▸ **What you are asked to do**
From the records beneath, determine how many lines contain "also" and report only that figure.
- Opening Delimiter -
lemma proj_unique: "v \<in> V \<Longrightarrow> x - v \<in> Z \<Longrightarrow> proj x = v"
proof -
  assume v: "v \<in> V" "x - v \<in> Z"
  have "proj x - v \<in> V"
    using subspace_V v(1) proj_in_V by (simp add: subspace_diff)
  moreover have "proj x - v = (x - v) - (x - proj x)" by simp
  then have "proj x - v \<in> Z"
    using subspace_Z v(2) diff_proj_in_Z by (metis subspace_diff)
  ultimately have "proj x - v = 0" by (rule mem_V_Z_eq_0)
  then show "proj x = v" by simp
qed

lemma proj_V: "v \<in> V \<Longrightarrow> proj v = v"
  using subspace_Z by (simp add: proj_unique subspace_0)

lemma proj_Z: "z \<in> Z \<Longrightarrow> proj z = 0"
  using subspace_V by (simp add: proj_unique subspace_0)

lemma additive_proj: "additive proj"
proof
  fix x y
  have "x + y - (proj x + proj y) = (x - proj x) + (y - proj y)" by simp
  then have "x + y - (proj x + proj y) \<in> Z"
    using subspace_Z diff_proj_in_Z by (metis subspace_add)
  then show "proj (x + y) = proj x + proj y"
    using subspace_V proj_in_V by (simp add: proj_unique subspace_add)
qed

text \<open>For \<open>f\<close> mapping \<open>Z\<close> into itself, \<open>block_diag f\<close> keeps the diagonal blocks
  \<open>V \<rightarrow> V\<close> and \<open>Z \<rightarrow> Z\<close> of \<open>f\<close> and drops its block \<open>V \<rightarrow> Z\<close>.\<close>

definition block_diag :: "('a \<Rightarrow> 'a) \<Rightarrow> 'a \<Rightarrow> 'a" where
  "block_diag f x = proj (f (proj x)) + f (x - proj x)"

context
  fixes f :: "'a \<Rightarrow> 'a"
  assumes additive_f: "additive f"
begin

lemma block_diag_V: "v \<in> V \<Longrightarrow> block_diag f v = proj (f v)"
  unfolding block_diag_def by (simp add: proj_V additive.zero[OF additive_f])

lemma block_diag_Z: "z \<in> Z \<Longrightarrow> block_diag f z = f z"
  unfolding block_diag_def
  by (simp add: proj_Z additive.zero[OF additive_f] additive.zero[OF additive_proj])

lemma additive_block_diag: "additive (block_diag f)"
proof
  fix x y
  have "x + y - proj (x + y) = (x - proj x) + (y - proj y)"
    by (simp add: additive.add[OF additive_proj])
  then have "f (x + y - proj (x + y)) = f (x - proj x) + f (y - proj y)"
    by (simp only: additive.add[OF additive_f])
  then show "block_diag f (x + y) = block_diag f x + block_diag f y"
    unfolding block_diag_def
    by (simp add: additive.add[OF additive_proj] additive.add[OF additive_f] algebra_simps)
qed

lemma diff_block_diag_in_Z: "f x - block_diag f x \<in> Z"
proof -
  have "f x = f (proj x) + f (x - proj x)"
    using additive.add[OF additive_f, of "proj x" "x - proj x"] by simp
  then have "f x - block_diag f x = f (proj x) - proj (f (proj x))"
    unfolding block_diag_def by (simp add: algebra_simps)
  then show ?thesis using diff_proj_in_Z by simp
qed

context
  assumes bij_f: "bij f" and f_Z: "f ` Z = Z"
begin

lemma inj_block_diag: "inj (block_diag f)"
proof -
  have f_Z_mem: "z \<in> Z \<Longrightarrow> f z \<in> Z" for z using f_Z by blast
  have kernel: "x = 0" if "block_diag f x = 0" for x
  proof -
    have "proj (f (proj x)) = - f (x - proj x)"
      using that unfolding block_diag_def by (simp add: eq_neg_iff_add_eq_0)
    moreover have "- f (x - proj x) \<in> Z"
      using f_Z_mem[OF diff_proj_in_Z] subspace_Z by (simp add: subspace_neg)
    ultimately have proj_f: "proj (f (proj x)) = 0"
      using mem_V_Z_eq_0 proj_in_V by metis
    then have "f (x - proj x) = 0"
      using that unfolding block_diag_def by simp
    then have x_eq: "x = proj x"
      using bij_f additive.zero[OF additive_f] by (metis bij_pointE eq_iff_diff_eq_0)
    have "f (proj x) \<in> Z"
      using diff_proj_in_Z[of "f (proj x)"] proj_f by simp
    then have "proj x \<in> Z"
      using f_Z bij_f by (metis bij_is_inj image_iff inj_eq)
    then show "x = 0"
      using x_eq mem_V_Z_eq_0 proj_in_V by metis
  qed
  show ?thesis
  proof (rule injI)
    fix x y assume "block_diag f x = block_diag f y"
    then have "block_diag f (x - y) = 0" by (simp add: additive.diff[OF additive_block_diag])
    then have "x - y = 0" by (rule kernel)
    then show "x = y" by simp
  qed
qed

lemma V_subset_image_block_diag: "V \<subseteq> block_diag f ` V"
proof
  fix v assume v: "v \<in> V"
  obtain u where u: "f u = v" using bij_f by (metis bij_pointE)
  have "u - proj u \<in> Z" by (rule diff_proj_in_Z)
  then have "f (u - proj u) \<in> Z" using f_Z by blast
  moreover have "f (proj u) - v = - f (u - proj u)"
    using u additive.diff[OF additive_f, of u "proj u"] by simp
  ultimately have "proj (f (proj u)) = v"
    using v subspace_Z by (simp add: proj_unique subspace_neg)
  then show "v \<in> block_diag f ` V"
    using block_diag_V proj_in_V by (metis image_eqI)
qed

lemma block_diag_image_V: "block_diag f ` V = V"
proof
  show "block_diag f ` V \<subseteq> V"
    by (auto simp: block_diag_V proj_in_V)
  show "V \<subseteq> block_diag f ` V"
    by (rule V_subset_image_block_diag)
qed

lemma bij_block_diag: "bij (block_diag f)"
proof -
  have "y \<in> range (block_diag f)" for y
  proof -
    have "proj y \<in> block_diag f ` V"
      using V_subset_image_block_diag proj_in_V by (rule subsetD)
    then obtain a where a: "block_diag f a = proj y" by (rule imageE) simp
    have "y - proj y \<in> f ` Z"
      using f_Z diff_proj_in_Z by simp
    then obtain w where w: "w \<in> Z" "f w = y - proj y" by (rule imageE) simp
    have "block_diag f (a + w) = y"
      using a w block_diag_Z by (simp add: additive.add[OF additive_block_diag])
    then show ?thesis by (metis rangeI)
  qed
  then show ?thesis using inj_block_diag by (auto simp: bij_def)
qed

end

end

text \<open>Brackets only see \<open>f\<close> modulo the centre, so they do not notice the dropped block.\<close>

lemma lie_ring_aut_block_diag:
  assumes "lie_algebra br" "Z = lie_center br" "\<And>x y. br x y \<in> Z"
    and "lie_ring_aut br f"
  shows "lie_ring_aut br (block_diag f)"
proof -
  have additive_f: "additive f" by (rule lie_ring_aut_additive[OF assms(4)])
  have "block_diag f (br x y) = br (block_diag f x) (block_diag f y)" for x y
  proof -
    have "block_diag f (br x y) = br (f x) (f y)"
      using block_diag_Z[OF additive_f assms(3)] assms(4) unfolding lie_ring_aut_def by simp
    also have "\<dots> = br (block_diag f x + (f x - block_diag f x))
                        (block_diag f y + (f y - block_diag f y))"
      by simp
    also have "\<dots> = br (block_diag f x) (block_diag f y)"
      using diff_block_diag_in_Z[OF additive_f] assms(2)
      by (intro lie_bracket_add_center[OF assms(1)]) simp_all
    finally show ?thesis .
  qed
  moreover have "bij (block_diag f)"
    using bij_block_diag[OF additive_f] assms(2,4) lie_ring_aut_image_center
    unfolding lie_ring_aut_def by blast
  ultimately show ?thesis
    using additive.add[OF additive_block_diag[OF additive_f]] unfolding lie_ring_aut_def by blast
qed
lemma tmul_tdiff_left: "tmul f (tdiff a b) = tdiff (tmul f a) (tmul f b)"
  by (auto simp: tmul_def tdiff_def sum_subtractf right_diff_distrib)

lemma tmul_tdiff_right: "tmul (tdiff a b) f = tdiff (tmul a f) (tmul b f)"
  by (auto simp: tmul_def tdiff_def sum_subtractf left_diff_distrib)


definition pairing :: "('a \<Rightarrow> 'k) \<Rightarrow> ('a \<Rightarrow> 'k::semiring_0) \<Rightarrow> 'k" where
  "pairing k g = (\<Sum>u\<in>supp g. k u * g u)"

lemma pairing_eq: "finite F \<Longrightarrow> supp g \<subseteq> F \<Longrightarrow> pairing k g = (\<Sum>u\<in>F. k u * g u)"
  unfolding pairing_def by (intro sum.mono_neutral_left) auto

lemma pairing_tdiff:
  assumes "f \<in> TV" "g \<in> TV"
  shows "pairing k (tdiff f g) = pairing k f - pairing k g"
proof -
  have fin: "finite (supp f \<union> supp g)" using assms by (auto simp: TV_def)
  have "supp (tdiff f g) \<subseteq> supp f \<union> supp g" by (auto simp: tdiff_def)
  then show ?thesis
    using pairing_eq[OF fin, of "tdiff f g" k] pairing_eq[OF fin, of f k] pairing_eq[OF fin, of g k]
    by (auto simp: tdiff_def sum_subtractf right_diff_distrib)
qed

lemma pairing_tadd:
  assumes "f \<in> TV" "g \<in> TV"
  shows "pairing k (tadd f g) = pairing k f + pairing k g"
proof -
  have fin: "finite (supp f \<union> supp g)" using assms by (auto simp: TV_def)
  have "supp (tadd f g) \<subseteq> supp f \<union> supp g" by (auto simp: tadd_def)
  then show ?thesis
    using pairing_eq[OF fin, of "tadd f g" k] pairing_eq[OF fin, of f k] pairing_eq[OF fin, of g k]
    by (auto simp: tadd_def sum.distrib distrib_left)
qed

lemma pairing_tmul:
  fixes f g :: "'j word \<Rightarrow> 'k::field"
  assumes "f \<in> TV" "g \<in> TV"
  shows "pairing k (tmul f g) = (\<Sum>x\<in>supp f. \<Sum>y\<in>supp g. k (x @ y) * f x * g y)"
proof -
  let ?A = "supp f" and ?B = "supp g"
  let ?C = "(\<lambda>p. fst p @ snd p) ` (?A \<times> ?B)"
  have finAB: "finite ?A" "finite ?B" using assms by (auto simp: TV_def)
  then have finC: "finite ?C" by auto
  have "pairing k (tmul f g) = (\<Sum>u\<in>?C. k u * tmul f g u)"
    by (rule pairing_eq[OF finC supp_tmul])
  also have "\<dots> = (\<Sum>u\<in>?C. \<Sum>p\<in>?A\<times>?B. if fst p @ snd p = u then k u * (f (fst p) * g (snd p)) else 0)"
    by (simp add: tmul_pairs[OF finAB order_refl order_refl] sum_distrib_left if_distrib cong: if_cong)
  also have "\<dots> = (\<Sum>p\<in>?A\<times>?B. \<Sum>u\<in>?C. if fst p @ snd p = u then k u * (f (fst p) * g (snd p)) else 0)"
    by (rule sum.swap)
  also have "\<dots> = (\<Sum>p\<in>?A\<times>?B. k (fst p @ snd p) * f (fst p) * g (snd p))"
    using finC by (intro sum.cong refl) (auto simp: sum.delta mult.assoc)
  also have "\<dots> = (\<Sum>x\<in>?A. \<Sum>y\<in>?B. k (x @ y) * f x * g y)"
    by (simp add: sum.cartesian_product case_prod_beta)
  finally show ?thesis .
qed
lemma top_sum_apply_doubly_stochastic_le:
  assumes ds: "doubly_stochastic d D" and len: "length v = d"
  shows "top_sum k (apply_matrix d D v) \<le> top_sum k v"
proof -
  let ?w = "apply_matrix d D v"
  obtain I where I: "I \<subseteq> {..<d}" "card I = min k d" "top_sum k ?w = (\<Sum>i\<in>I. ?w ! i)"
    using top_sum_eq_sum_subset[of ?w k] by (auto simp: apply_matrix_def)
  define c where "c j = (\<Sum>i\<in>I. D i j)" for j
  have "top_sum k ?w = (\<Sum>i\<in>I. \<Sum>j<d. D i j * v ! j)"
    using I(1,3) by (auto simp: apply_matrix_def intro!: sum.cong)
  also have "\<dots> = (\<Sum>j<d. c j * v ! j)"
    unfolding c_def by (subst sum.swap) (simp add: sum_distrib_right)
  also have "\<dots> \<le> top_sum (min k d) v"
  proof (rule weighted_sum_le_top_sum[where v = v, unfolded len])
    show "min k d \<le> d" by simp
    fix j assume j: "j < d"
    have "c j \<le> (\<Sum>i<d. D i j)"
      unfolding c_def using ds I(1) j by (intro sum_mono2) (auto simp: doubly_stochastic_def)
    then show "0 \<le> c j \<and> c j \<le> 1"
      unfolding c_def using ds I(1) j by (auto simp: doubly_stochastic_def intro!: sum_nonneg)
  next
    have "(\<Sum>j<d. c j) = (\<Sum>i\<in>I. \<Sum>j<d. D i j)" unfolding c_def by (rule sum.swap)
    also have "\<dots> = (\<Sum>i\<in>I. 1)"
      using ds I(1) by (intro sum.cong) (auto simp: doubly_stochastic_def)
    finally show "(\<Sum>j<d. c j) = real (min k d)" using I(2) by simp
  qed
  also have "\<dots> = top_sum k v" using top_sum_min_length[of k v] len by simp
  finally show ?thesis .
qed

lemma majorizes_apply_doubly_stochastic:
  assumes "doubly_stochastic d D" "length v = d"
  shows "majorizes v (apply_matrix d D v)"
  using top_sum_apply_doubly_stochastic_le[OF assms] assms(2)
  by (simp add: majorizes_def pad_def apply_matrix_def)

lemma prob_vec_apply_doubly_stochastic:
  assumes ds: "doubly_stochastic d D" and "prob_vec v" "length v = d"
  shows "prob_vec (apply_matrix d D v)"
proof -
  have v: "\<And>j. j < d \<Longrightarrow> 0 \<le> v ! j" "(\<Sum>j<d. v ! j) = 1"
    using assms(2,3) by (auto simp: prob_vec_def sum_list_sum_nth atLeast0LessThan)
  have "(\<Sum>i<d. \<Sum>j<d. D i j * v ! j) = (\<Sum>j<d. (\<Sum>i<d. D i j) * v ! j)"
    by (subst sum.swap) (simp add: sum_distrib_right)
  also have "\<dots> = 1" using ds v(2) by (simp add: doubly_stochastic_def)
  finally show ?thesis
    using ds v(1)
    by (auto simp: prob_vec_def apply_matrix_def sum_list_map_upt_zero doubly_stochastic_def
        intro!: sum_nonneg)
qed

lemma length_pad: "length p \<le> d \<Longrightarrow> length (pad d p) = d"
  by (simp add: pad_def)

lemma nth_pad: "length p \<le> d \<Longrightarrow> i < d \<Longrightarrow> pad d p ! i = (if i < length p then p ! i else 0)"
  by (simp add: pad_def nth_append)

lemma prob_vec_pad: "prob_vec p \<Longrightarrow> prob_vec (pad d p)"
  by (auto simp: prob_vec_def pad_def sum_list_replicate)
(* Consider the directed graph on a finite action space $X$ (with $|X|\ge2$) in which there is an edge $a\to b$ exactly when $a$ and $b$ differ in the action of a single player $i$, with resistance $R_{a\to b}=\max\{0,U_i(a)-U_i(b)\}$. Among all spanning trees rooted at any state of $X$, any tree of minimum total resistance contains an edge of resistance zero.
   Context: Finite game with players $\mathcal{D}$, finite action sets $X_i$, $X=\prod_iX_i$, and real utilities $U_i:X\to\mathbb{R}$. A spanning tree rooted at $c\in X$ is a set of edges of the graph such that every state other than $c$ has exactly one outgoing edge, $c$ has none, and from every state the edges lead to $c$. The total resistance of a tree is the sum of the resistances of its edges. *)

theory Defs
  imports Complex_Main "HOL-Library.FuncSet"
begin

text \<open>Players form a finite set D; player i has action set A i; a state (action
profile) is an element of the product X = PiE D A.\<close>

definition is_edge :: "'p set \<Rightarrow> ('p \<Rightarrow> 'a set) \<Rightarrow> ('p \<Rightarrow> 'a) \<Rightarrow> ('p \<Rightarrow> 'a) \<Rightarrow> bool" where
  "is_edge D A a b \<longleftrightarrow> a \<in> PiE D A \<and> b \<in> PiE D A \<and>
     (\<exists>i\<in>D. a i \<noteq> b i \<and> (\<forall>j\<in>D. j \<noteq> i \<longrightarrow> a j = b j))"

definition dev_player :: "'p set \<Rightarrow> ('p \<Rightarrow> 'a) \<Rightarrow> ('p \<Rightarrow> 'a) \<Rightarrow> 'p" where
  "dev_player D a b = (THE i. i \<in> D \<and> a i \<noteq> b i)"

definition resistance :: "'p set \<Rightarrow> ('p \<Rightarrow> ('p \<Rightarrow> 'a) \<Rightarrow> real) \<Rightarrow> ('p \<Rightarrow> 'a) \<Rightarrow> ('p \<Rightarrow> 'a) \<Rightarrow> real" where
  "resistance D U a b = max 0 (U (dev_player D a b) a - U (dev_player D a b) b)"

definition spanning_tree :: "'p set \<Rightarrow> ('p \<Rightarrow> 'a set) \<Rightarrow> ('p \<Rightarrow> 'a) \<Rightarrow> (('p \<Rightarrow> 'a) \<times> ('p \<Rightarrow> 'a)) set \<Rightarrow> bool" where
  "spanning_tree D A c T \<longleftrightarrow> c \<in> PiE D A \<and>
     (\<forall>(a,b)\<in>T. is_edge D A a b) \<and>
     (\<forall>a\<in>PiE D A - {c}. \<exists>!b. (a, b) \<in> T) \<and>
     (\<forall>b. (c, b) \<notin> T) \<and>
     (\<forall>a\<in>PiE D A. (a, c) \<in> T\<^sup>*)"

definition tree_resistance :: "'p set \<Rightarrow> ('p \<Rightarrow> ('p \<Rightarrow> 'a) \<Rightarrow> real) \<Rightarrow> (('p \<Rightarrow> 'a) \<times> ('p \<Rightarrow> 'a)) set \<Rightarrow> real" where
  "tree_resistance D U T = (\<Sum>(a,b)\<in>T. resistance D U a b)"

end

theory Submission
  imports Defs
begin

text \<open>Let T be a minimum-resistance tree with root c. Some edge a \<rightarrow> c enters the root.
Reversing it yields a spanning tree rooted at a, whose resistance differs from that of T
by R(c \<rightarrow> a) - R(a \<rightarrow> c). Since R(a \<rightarrow> c) and R(c \<rightarrow> a) are the positive parts of opposite
numbers, one of them vanishes; if R(a \<rightarrow> c) were positive, the reversed tree would be
strictly cheaper, contradicting minimality.\<close>

lemma dev_player_commute: "dev_player D a b = dev_player D b a"
  unfolding dev_player_def by metis

lemma is_edge_sym: "is_edge D A a b \<Longrightarrow> is_edge D A b a"
  unfolding is_edge_def by metis

lemma resistance_nonneg: "resistance D U a b \<ge> 0"
  unfolding resistance_def by simp

lemma resistance_reverse_eq_0:
  assumes "resistance D U a b > 0"
  shows "resistance D U b a = 0"
  using assms unfolding resistance_def by (simp add: dev_player_commute[of D b a])

lemma rtrancl_Diff_edge:
  assumes "(x, y) \<in> R\<^sup>*"
  shows "(x, y) \<in> (R - {(a, b)})\<^sup>* \<or> (x, a) \<in> (R - {(a, b)})\<^sup>*"
  using assms
proof (induction rule: rtrancl_induct)
  case base
  then show ?case by simp
next
  case (step y z)
  then show ?case
    by (cases "(y, z) = (a, b)") (auto intro: rtrancl_into_rtrancl)
qed

lemma spanning_tree_subset_states:
  "spanning_tree D A c T \<Longrightarrow> T \<subseteq> PiE D A \<times> PiE D A"
  unfolding spanning_tree_def is_edge_def by auto

lemma spanning_tree_finite:
  assumes "finite D" "\<forall>i\<in>D. finite (A i)" "spanning_tree D A c T"
  shows "finite T"
  using spanning_tree_subset_states[OF assms(3)] assms(1,2)
  by (meson finite_PiE finite_SigmaI rev_finite_subset)

lemma spanning_tree_edge_into_root:
  assumes "spanning_tree D A c T" "x \<in> PiE D A" "x \<noteq> c"
  obtains a where "(a, c) \<in> T"
proof -
  have "(x, c) \<in> T\<^sup>+"
    using assms unfolding spanning_tree_def by (meson rtranclD)
  then show ?thesis
    using that by (meson tranclD2)
qed

lemma spanning_tree_reverse_root_edge:
  assumes st: "spanning_tree D A c T" and ac: "(a, c) \<in> T"
  shows "spanning_tree D A a (insert (c, a) (T - {(a, c)}))"
    (is "spanning_tree D A a ?T'")
proof -
  note tree = st[unfolded spanning_tree_def]
  have edge: "is_edge D A a c"
    using tree ac by blast
  then have aX: "a \<in> PiE D A" and a_ne_c: "a \<noteq> c"
    unfolding is_edge_def by auto
  have a_out: "(a, b) \<in> T \<Longrightarrow> b = c" for b
    using tree aX a_ne_c ac by blast
  have reach: "(y, a) \<in> ?T'\<^sup>*" if "y \<in> PiE D A" for y
  proof -
    have mono: "(T - {(a, c)})\<^sup>* \<subseteq> ?T'\<^sup>*"
      by (intro rtrancl_mono) auto
    have "(y, c) \<in> T\<^sup>*"
      using tree that by blast
    from rtrancl_Diff_edge[OF this, of a c]
    show ?thesis
    proof
      assume "(y, c) \<in> (T - {(a, c)})\<^sup>*"
      with mono show ?thesis
        by (meson insertI1 rtrancl_into_rtrancl subsetD)
    qed (use mono in blast)
  qed
  show ?thesis
    unfolding spanning_tree_def
  proof (intro conjI ballI allI)
    fix y assume y: "y \<in> PiE D A - {a}"
    show "\<exists>!b. (y, b) \<in> ?T'"
    proof (cases "y = c")
      case True
      then show ?thesis using tree a_ne_c by auto
    next
      case False
      then show ?thesis using tree y by auto
    qed
  qed (use tree is_edge_sym[OF edge] aX a_ne_c a_out reach in auto)
qed

lemma tree_resistance_reverse_edge:
  assumes "finite T" "(a, c) \<in> T" "(c, a) \<notin> T"
  shows "tree_resistance D U (insert (c, a) (T - {(a, c)}))
           = tree_resistance D U T - resistance D U a c + resistance D U c a"
  using assms unfolding tree_resistance_def by (simp add: sum_diff1)

theorem lemma9:
  fixes D :: "'p set" and A :: "'p \<Rightarrow> 'a set" and U :: "'p \<Rightarrow> ('p \<Rightarrow> 'a) \<Rightarrow> real"
    and c :: "'p \<Rightarrow> 'a" and T :: "(('p \<Rightarrow> 'a) \<times> ('p \<Rightarrow> 'a)) set"
  assumes "finite D"
    and "\<forall>i\<in>D. finite (A i)"
    and "card (PiE D A) \<ge> 2"
    and "spanning_tree D A c T"
    and "\<forall>c' T'. spanning_tree D A c' T' \<longrightarrow> tree_resistance D U T \<le> tree_resistance D U T'"
  shows "\<exists>(a,b)\<in>T. resistance D U a b = 0"
proof -
  have "\<not> PiE D A \<subseteq> {c}"
    using assms(3) card_mono[of "{c}" "PiE D A"] by auto
  then obtain x where "x \<in> PiE D A" "x \<noteq> c"
    by blast
  then obtain a where ac: "(a, c) \<in> T"
    using spanning_tree_edge_into_root[OF assms(4)] by blast
  have ca: "(c, a) \<notin> T"
    using assms(4) unfolding spanning_tree_def by blast
  have "\<not> resistance D U a c > 0"
  proof
    assume pos: "resistance D U a c > 0"
    let ?T' = "insert (c, a) (T - {(a, c)})"
    have "tree_resistance D U ?T' < tree_resistance D U T"
      using tree_resistance_reverse_edge[OF spanning_tree_finite[OF assms(1,2,4)] ac ca]
        resistance_reverse_eq_0[OF pos] pos by simp
    with assms(5) spanning_tree_reverse_root_edge[OF assms(4) ac] show False
      by fastforce
  qed
  with ac resistance_nonneg[of D U a c] show ?thesis
    by force
qed

end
- Closing Delimiter -
▸ **Expected output**
11